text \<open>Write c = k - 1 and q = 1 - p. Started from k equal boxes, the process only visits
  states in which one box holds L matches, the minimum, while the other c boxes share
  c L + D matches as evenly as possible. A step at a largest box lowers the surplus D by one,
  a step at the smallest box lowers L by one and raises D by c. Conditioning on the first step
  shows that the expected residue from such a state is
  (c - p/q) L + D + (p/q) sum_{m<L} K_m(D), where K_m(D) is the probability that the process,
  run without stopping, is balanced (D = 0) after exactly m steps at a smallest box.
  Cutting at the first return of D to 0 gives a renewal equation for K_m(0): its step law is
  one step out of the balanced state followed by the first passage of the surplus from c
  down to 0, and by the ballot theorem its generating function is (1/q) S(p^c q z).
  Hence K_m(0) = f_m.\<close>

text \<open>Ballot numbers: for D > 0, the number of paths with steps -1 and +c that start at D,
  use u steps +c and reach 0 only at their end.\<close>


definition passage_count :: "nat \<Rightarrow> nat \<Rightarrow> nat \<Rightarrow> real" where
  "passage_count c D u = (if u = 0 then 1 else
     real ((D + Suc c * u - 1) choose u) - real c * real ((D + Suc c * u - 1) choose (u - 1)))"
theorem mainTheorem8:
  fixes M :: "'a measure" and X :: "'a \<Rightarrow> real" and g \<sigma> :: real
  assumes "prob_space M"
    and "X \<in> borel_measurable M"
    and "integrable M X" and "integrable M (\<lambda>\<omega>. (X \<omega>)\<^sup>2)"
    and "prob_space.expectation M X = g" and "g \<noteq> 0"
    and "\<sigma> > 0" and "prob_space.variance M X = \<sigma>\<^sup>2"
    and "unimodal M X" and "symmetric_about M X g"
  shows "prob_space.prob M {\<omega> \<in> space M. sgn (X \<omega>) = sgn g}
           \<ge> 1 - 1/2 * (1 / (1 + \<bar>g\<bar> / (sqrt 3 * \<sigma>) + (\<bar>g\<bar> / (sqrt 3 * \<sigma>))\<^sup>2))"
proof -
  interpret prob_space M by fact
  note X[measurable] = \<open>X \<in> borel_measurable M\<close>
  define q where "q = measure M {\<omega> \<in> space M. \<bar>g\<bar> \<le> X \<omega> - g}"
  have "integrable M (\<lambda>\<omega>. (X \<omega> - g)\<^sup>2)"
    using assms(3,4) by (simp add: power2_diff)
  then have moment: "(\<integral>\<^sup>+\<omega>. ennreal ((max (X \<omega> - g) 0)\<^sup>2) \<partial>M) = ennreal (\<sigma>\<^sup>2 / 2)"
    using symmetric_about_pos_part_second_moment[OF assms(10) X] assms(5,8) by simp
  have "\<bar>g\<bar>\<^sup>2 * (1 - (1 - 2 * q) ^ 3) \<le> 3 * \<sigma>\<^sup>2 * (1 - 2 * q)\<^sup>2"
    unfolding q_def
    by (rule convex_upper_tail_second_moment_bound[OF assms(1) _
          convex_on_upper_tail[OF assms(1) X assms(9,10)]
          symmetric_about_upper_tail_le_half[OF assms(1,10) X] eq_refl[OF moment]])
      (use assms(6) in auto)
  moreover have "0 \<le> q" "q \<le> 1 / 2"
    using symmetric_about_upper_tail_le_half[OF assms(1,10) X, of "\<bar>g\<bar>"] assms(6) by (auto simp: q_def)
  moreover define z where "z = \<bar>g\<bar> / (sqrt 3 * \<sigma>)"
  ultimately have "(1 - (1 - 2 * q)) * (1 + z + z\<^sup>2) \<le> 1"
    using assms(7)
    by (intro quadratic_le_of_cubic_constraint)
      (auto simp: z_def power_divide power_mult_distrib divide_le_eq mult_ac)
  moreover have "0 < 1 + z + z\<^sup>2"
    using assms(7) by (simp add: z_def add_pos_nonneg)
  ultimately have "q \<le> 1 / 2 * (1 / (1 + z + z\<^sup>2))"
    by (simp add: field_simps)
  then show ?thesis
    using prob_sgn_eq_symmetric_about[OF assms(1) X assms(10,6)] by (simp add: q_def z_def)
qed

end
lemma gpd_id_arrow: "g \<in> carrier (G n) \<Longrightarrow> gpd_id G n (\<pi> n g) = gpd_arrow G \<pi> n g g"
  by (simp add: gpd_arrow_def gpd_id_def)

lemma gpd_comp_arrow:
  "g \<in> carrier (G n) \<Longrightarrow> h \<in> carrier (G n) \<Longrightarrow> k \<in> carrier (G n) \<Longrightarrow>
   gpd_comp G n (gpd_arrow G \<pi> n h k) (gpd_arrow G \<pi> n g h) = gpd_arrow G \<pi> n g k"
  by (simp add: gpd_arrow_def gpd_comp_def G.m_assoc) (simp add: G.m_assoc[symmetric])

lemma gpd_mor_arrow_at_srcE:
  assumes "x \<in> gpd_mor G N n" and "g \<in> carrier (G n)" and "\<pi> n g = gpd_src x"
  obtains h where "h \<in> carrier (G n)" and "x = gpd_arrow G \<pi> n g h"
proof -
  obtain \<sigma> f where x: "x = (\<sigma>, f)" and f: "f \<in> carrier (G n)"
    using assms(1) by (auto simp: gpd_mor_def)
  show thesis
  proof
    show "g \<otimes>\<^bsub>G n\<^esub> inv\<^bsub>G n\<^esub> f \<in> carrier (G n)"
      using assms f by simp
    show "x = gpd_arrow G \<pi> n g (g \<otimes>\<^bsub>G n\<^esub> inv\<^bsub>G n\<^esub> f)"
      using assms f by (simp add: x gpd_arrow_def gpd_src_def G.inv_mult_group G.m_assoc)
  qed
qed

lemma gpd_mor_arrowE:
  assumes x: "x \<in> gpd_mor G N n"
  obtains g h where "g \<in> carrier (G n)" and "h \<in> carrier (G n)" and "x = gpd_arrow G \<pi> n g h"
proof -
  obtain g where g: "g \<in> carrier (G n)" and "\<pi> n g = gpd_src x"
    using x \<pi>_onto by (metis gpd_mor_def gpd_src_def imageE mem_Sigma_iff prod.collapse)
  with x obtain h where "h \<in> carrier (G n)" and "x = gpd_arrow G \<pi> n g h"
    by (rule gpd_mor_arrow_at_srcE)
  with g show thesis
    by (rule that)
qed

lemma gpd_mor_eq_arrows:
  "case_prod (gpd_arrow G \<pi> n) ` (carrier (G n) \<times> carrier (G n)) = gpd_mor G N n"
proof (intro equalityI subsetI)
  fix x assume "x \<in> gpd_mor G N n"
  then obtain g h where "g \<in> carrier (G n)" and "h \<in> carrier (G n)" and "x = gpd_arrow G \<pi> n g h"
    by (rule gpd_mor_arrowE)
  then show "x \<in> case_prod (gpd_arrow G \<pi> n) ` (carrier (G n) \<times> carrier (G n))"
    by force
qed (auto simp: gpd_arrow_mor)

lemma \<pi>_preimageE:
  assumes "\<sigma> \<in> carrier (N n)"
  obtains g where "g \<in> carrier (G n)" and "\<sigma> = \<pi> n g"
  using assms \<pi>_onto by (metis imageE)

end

■ ABOUT THIS TASK ■
In the listing, how many lines hold "where"? Answer with a bare number.

■ EXERCISE ANSWER ■
11